Распространенные типы кибератак:
- Атака распределенного отказа в обслуживании (DDoS)
- Вредоносное ПО
- Атака «человек посередине» (MitM)
- Фишинг
- SQL-инъекция
- Эксплойт нулевого дня
Что такое киберриск?
Риск кибербезопасности «киберриск» — это просто вероятность кибератаки или утечки данных в организации или организации.
Организации становятся более уязвимыми для киберугроз, поскольку они все больше зависят от компьютеров, сетей, программ, социальных сетей и данных в глобальном масштабе.
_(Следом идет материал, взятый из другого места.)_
definition rb_connected :: "'s set \<Rightarrow> 'c set \<Rightarrow> ('s \<times> 'c) set \<Rightarrow> bool" where
  "rb_connected S C E \<longleftrightarrow>
     (let R = {(Inl s, Inr c) | s c. (s, c) \<in> E} in
      \<forall>u \<in> Inl ` S \<union> Inr ` C. \<forall>v \<in> Inl ` S \<union> Inr ` C. (u, v) \<in> (R \<union> R\<inverse>)\<^sup>*)"

text \<open>Standing assumption: no free, null or universal characters, no species without
  characters, no two identical character columns.\<close>
definition rb_standing :: "'s set \<Rightarrow> 'c set \<Rightarrow> ('s \<times> 'c) set \<Rightarrow> 'c set \<Rightarrow> bool" where
  "rb_standing S C E Act \<longleftrightarrow>
     (\<forall>c\<in>Act. \<not> (\<forall>s\<in>S. (s, c) \<in> E))
   \<and> (\<forall>c\<in>C. \<exists>s\<in>S. (s, c) \<in> E)
   \<and> (\<forall>c\<in>C - Act. \<not> (\<forall>s\<in>S. (s, c) \<in> E))
   \<and> (\<forall>s\<in>S. \<exists>c\<in>C. (s, c) \<in> E)
   \<and> (\<forall>c\<in>C. \<forall>c'\<in>C. c \<noteq> c' \<longrightarrow> (\<exists>s\<in>S. rb_matrix E Act s c \<noteq> rb_matrix E Act s c'))"

text \<open>Reducible: connected and solved by some persistent phylogeny (node type nat
  is used for the witness tree; any finite tree can be relabelled so).\<close>
definition reducible :: "'s set \<Rightarrow> 'c set \<Rightarrow> ('s \<times> 'c) set \<Rightarrow> 'c set \<Rightarrow> bool" where
  "reducible S C E Act \<longleftrightarrow> rb_graph S C E Act \<and> rb_connected S C E
     \<and> (\<exists>(V::nat set) r par l. rb_solves S C E Act V r par l)"

definition charS :: "'s set \<Rightarrow> ('s \<Rightarrow> 'c \<Rightarrow> bool) \<Rightarrow> 'c \<Rightarrow> 's set" where
  "charS S M c = {s \<in> S. M s c}"

definition overlap :: "'s set \<Rightarrow> ('s \<Rightarrow> 'c \<Rightarrow> bool) \<Rightarrow> 'c \<Rightarrow> 'c \<Rightarrow> bool" where
  "overlap S M c c' \<longleftrightarrow> charS S M c \<inter> charS S M c' \<noteq> {}
     \<and> \<not> charS S M c \<subseteq> charS S M c' \<and> \<not> charS S M c' \<subseteq> charS S M c"

definition conflicting :: "'s set \<Rightarrow> ('s \<Rightarrow> 'c \<Rightarrow> bool) \<Rightarrow> 'c \<Rightarrow> 'c \<Rightarrow> bool" where
  "conflicting S M c c' \<longleftrightarrow>
     (\<forall>a b. \<exists>s\<in>S. M s c = a \<and> M s c' = b)"

definition maximal_char :: "'s set \<Rightarrow> 'c set \<Rightarrow> ('s \<times> 'c) set \<Rightarrow> 'c set \<Rightarrow> 'c \<Rightarrow> bool" where
  "maximal_char S C E Act c \<longleftrightarrow> c \<in> C - Act \<and>
     \<not> (\<exists>c'\<in>C - Act. charS S (rb_matrix E Act) c \<subset> charS S (rb_matrix E Act) c')"

definition maximal_reducible :: "'s set \<Rightarrow> 'c set \<Rightarrow> ('s \<times> 'c) set \<Rightarrow> 'c set \<Rightarrow> bool" where
  "maximal_reducible S C E Act \<longleftrightarrow> rb_graph S C E Act \<and> rb_standing S C E Act
     \<and> reducible S C E Act \<and> Act = {} \<and> (\<forall>c\<in>C. maximal_char S C E Act c)"

end

theory Submission
  imports Defs
begin

(* The gains g of c and g' of c' lie above a common species, so they are comparable; say g is
   an ancestor of g'. A species with c' but not c lies below g', hence c is lost at some h
   strictly below g'. If c' is lost below h (or never) and g <> g', this is case (1). Otherwise
   the losses of c and c' lie on distinct paths, and the species having c or c' are exactly the
   species in the subtree of g. If c and c' conflict, some species lies outside that subtree;
   connectivity gives a character d shared across its border, and maximality of all characters
   forces the node where the path to an outside species carrying d leaves the ancestors of g
   to be a species node itself, strictly above g. *)

locale rooted =
  fixes V :: "'v set" and r :: 'v and par :: "'v \<Rightarrow> 'v"
  assumes tree: "rooted_tree V r par"
begin

lemma finite_nodes: "finite V"
  and par_root: "par r = r"
  and par_in_V: "x \<in> V \<Longrightarrow> par x \<in> V"
  and reaches_root: "x \<in> V \<Longrightarrow> \<exists>n. (par ^^ n) x = r"
  using tree unfolding rooted_tree_def by auto

lemma funpow_par_root: "(par ^^ n) r = r"
  by (induction n) (auto simp: par_root)

lemma funpow_par_in_V: "x \<in> V \<Longrightarrow> (par ^^ n) x \<in> V"
  by (induction n) (auto simp: par_in_V)

lemma anc_refl [simp]: "anc par x x"
  unfolding anc_def by (metis funpow_0)

lemma anc_trans: "anc par x y \<Longrightarrow> anc par y z \<Longrightarrow> anc par x z"
  unfolding anc_def by (metis funpow_add comp_apply)

lemma anc_par: "anc par (par y) y"
  unfolding anc_def by (metis funpow_0 funpow_Suc_right comp_apply)

lemma anc_in_V: "y \<in> V \<Longrightarrow> anc par x y \<Longrightarrow> x \<in> V"
  unfolding anc_def using funpow_par_in_V by blast

lemma root_anc: "y \<in> V \<Longrightarrow> anc par r y"
  unfolding anc_def using reaches_root by blast

lemma anc_funpow_diff:
  assumes "(par ^^ n) y = x" "(par ^^ m) y = z" "n \<le> m"
  shows "anc par z x"
proof -
  have "(par ^^ (m - n)) x = z"
    using assms by (metis funpow_add le_add_diff_inverse2 comp_apply)
  then show ?thesis unfolding anc_def by blast
qed

lemma anc_linear: "anc par x y \<Longrightarrow> anc par z y \<Longrightarrow> anc par x z \<or> anc par z x"
proof -
  assume "anc par x y" "anc par z y"
  then obtain n m where "(par ^^ n) y = x" "(par ^^ m) y = z" unfolding anc_def by blast
  then show ?thesis using anc_funpow_diff nat_le_linear by metis
qed

lemma anc_antisym:
  assumes "y \<in> V" "anc par x y" "anc par y x"
  shows "x = y"
proof -
  obtain n m where n: "(par ^^ n) y = x" and m: "(par ^^ m) x = y"
    using assms unfolding anc_def by blast
  have cycle: "(par ^^ (k * (m + n))) y = y" for k
    using n m by (induction k) (auto simp: funpow_add)
  show ?thesis
  proof (cases "m + n = 0")
    case True
    then show ?thesis using n by simp
  next
    case False
    \<comment> \<open>a node on a cycle of par is fixed by arbitrarily long iterates, hence equals the root\<close>
    obtain N where N: "(par ^^ N) y = r" using reaches_root assms(1) by blast
    have "anc par y r"
      using anc_funpow_diff[OF N cycle[of N]] False by simp
    then have "y = r"
      unfolding anc_def using funpow_par_root by simp
    then show ?thesis using n funpow_par_root by simp
  qed
qed

lemma proper_anc_not_anc: "y \<in> V \<Longrightarrow> proper_anc par x y \<Longrightarrow> \<not> anc par y x"
  unfolding proper_anc_def using anc_antisym by blast

lemma anc_lowest_common:
  assumes "e \<in> V" "g \<in> V"
  obtains a where "anc par a e" "anc par a g" "\<And>x. anc par x e \<Longrightarrow> anc par x g \<Longrightarrow> anc par x a"
proof -
  define P where "P n \<longleftrightarrow> anc par ((par ^^ n) e) g" for n
  obtain N where "(par ^^ N) e = r" using reaches_root assms(1) by blast
  then have "P N" unfolding P_def using root_anc assms(2) by simp
  define a where "a = (par ^^ (LEAST n. P n)) e"
  have "anc par a g"
    using LeastI[of P, OF \<open>P N\<close>] unfolding a_def P_def .
  moreover have "anc par a e" unfolding a_def anc_def by blast
  moreover have "anc par x a" if xe: "anc par x e" and xg: "anc par x g" for x
  proof -
    obtain m where m: "(par ^^ m) e = x" using xe unfolding anc_def by blast
    then have "P m" using xg unfolding P_def by simp
    then show ?thesis
      using anc_funpow_diff[OF a_def[symmetric] m Least_le] by blast
  qed
  ultimately show ?thesis using that by blast
qed

lemma change_on_path:
  assumes "y \<in> V" "anc par z y" "l z ch \<noteq> l y ch"
  shows "\<exists>w \<in> change_edges V r par l ch. proper_anc par z w \<and> anc par w y"
proof -
  obtain n where "(par ^^ n) y = z" using assms(2) unfolding anc_def by blast
  with assms(1,3) show ?thesis
  proof (induction n arbitrary: y)
    case 0
    then show ?case by simp
  next
    case (Suc n)
    show ?case
    proof (cases "l (par y) ch = l y ch")
      case True
      have "(par ^^ n) (par y) = z"
        using Suc.prems(3) by (simp add: funpow_Suc_right del: funpow.simps)
      then obtain w where "w \<in> change_edges V r par l ch" "proper_anc par z w" "anc par w (par y)"
        using Suc.IH[OF par_in_V[OF Suc.prems(1)]] Suc.prems(2) True by auto
      then show ?thesis using anc_trans[OF _ anc_par] by blast
    next
      case False
      then have "y \<in> change_edges V r par l ch"
        using Suc.prems(1) par_root unfolding change_edges_def by auto
      moreover have "proper_anc par z y"
        using Suc.prems unfolding proper_anc_def anc_def by blast
      ultimately show ?thesis by auto
    qed
  qed
qed

end

(* All characters are inactive at the root, as they are in a maximal reducible graph. *)
locale phylogeny = rooted V r par for V :: "'v set" and r and par +
  fixes l :: "'v \<Rightarrow> 'c \<Rightarrow> bool" and C :: "'c set"
  assumes root_state: "\<forall>c\<in>C. \<not> l r c"
    and change_edges_shape: "\<forall>c\<in>C. card (change_edges V r par l c) \<le> 2
         \<and> (card (change_edges V r par l c) = 2 \<longrightarrow>
              (\<exists>x y. change_edges V r par l c = {x, y} \<and> proper_anc par x y
                     \<and> gain_edge V r par l c x \<and> loss_edge V r par l c y))"
begin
Согласно ежегодному отчету Cisco о кибербезопасности, общий объем киберсобытий увеличился почти в четыре раза в период с 2016 по 2018 год.
Кто такой хвостовой риск?
Компания Tail Risk, основанная в 2017 году Робертом Террином и Джоном Эдвардсом, предоставляет услуги и продукты в области кибербезопасности для измерения, управления и снижения киберрисков для инновационных организаций и сложных приобретений. Они предлагают экспертные знания в предметной области, подкрепленные запатентованными методами количественной оценки рисков, чтобы обеспечить и продемонстрировать безопасность в терминах, понятных бизнес-профессионалам. Благодаря мастер-классу Аналитика в действии, организованному Columbia Business School, нашей команде посчастливилось тесно сотрудничать с Tail Risk на протяжении всего жизненного цикла проекта, и мы смогли многому научиться благодаря их опыту в предметной области.
Данные о киберпотерях
Утечки данных выявили 4,1 миллиарда записей только в первой половине 2019 года, а средняя стоимость утечки данных выросла почти до 4 миллионов долларов. Учитывая огромный объем и воздействие киберсобытий, можно было бы ожидать, что данных о кибератаках и киберпотерях будет много; однако широко доступны ограниченные киберданные, что делает прогнозирование потенциального воздействия таких событий невероятно сложным. Желая избежать финансового и репутационного ущерба от киберсобытий и раскрытия уязвимостей злоумышленникам, фирмы, как правило, не желают публично заявлять о том, что инцидент произошел. В то время как регулирующие органы в ряде стран требуют от компаний раскрывать кибер-события, собранная информация часто не разглашается публично, или регулирующие органы не собирают данные, которые лучше всего информируют других о том, как количественно оценить и снизить риск. Этот пробел в данных следует учитывать при оценке приведенных ниже моделей.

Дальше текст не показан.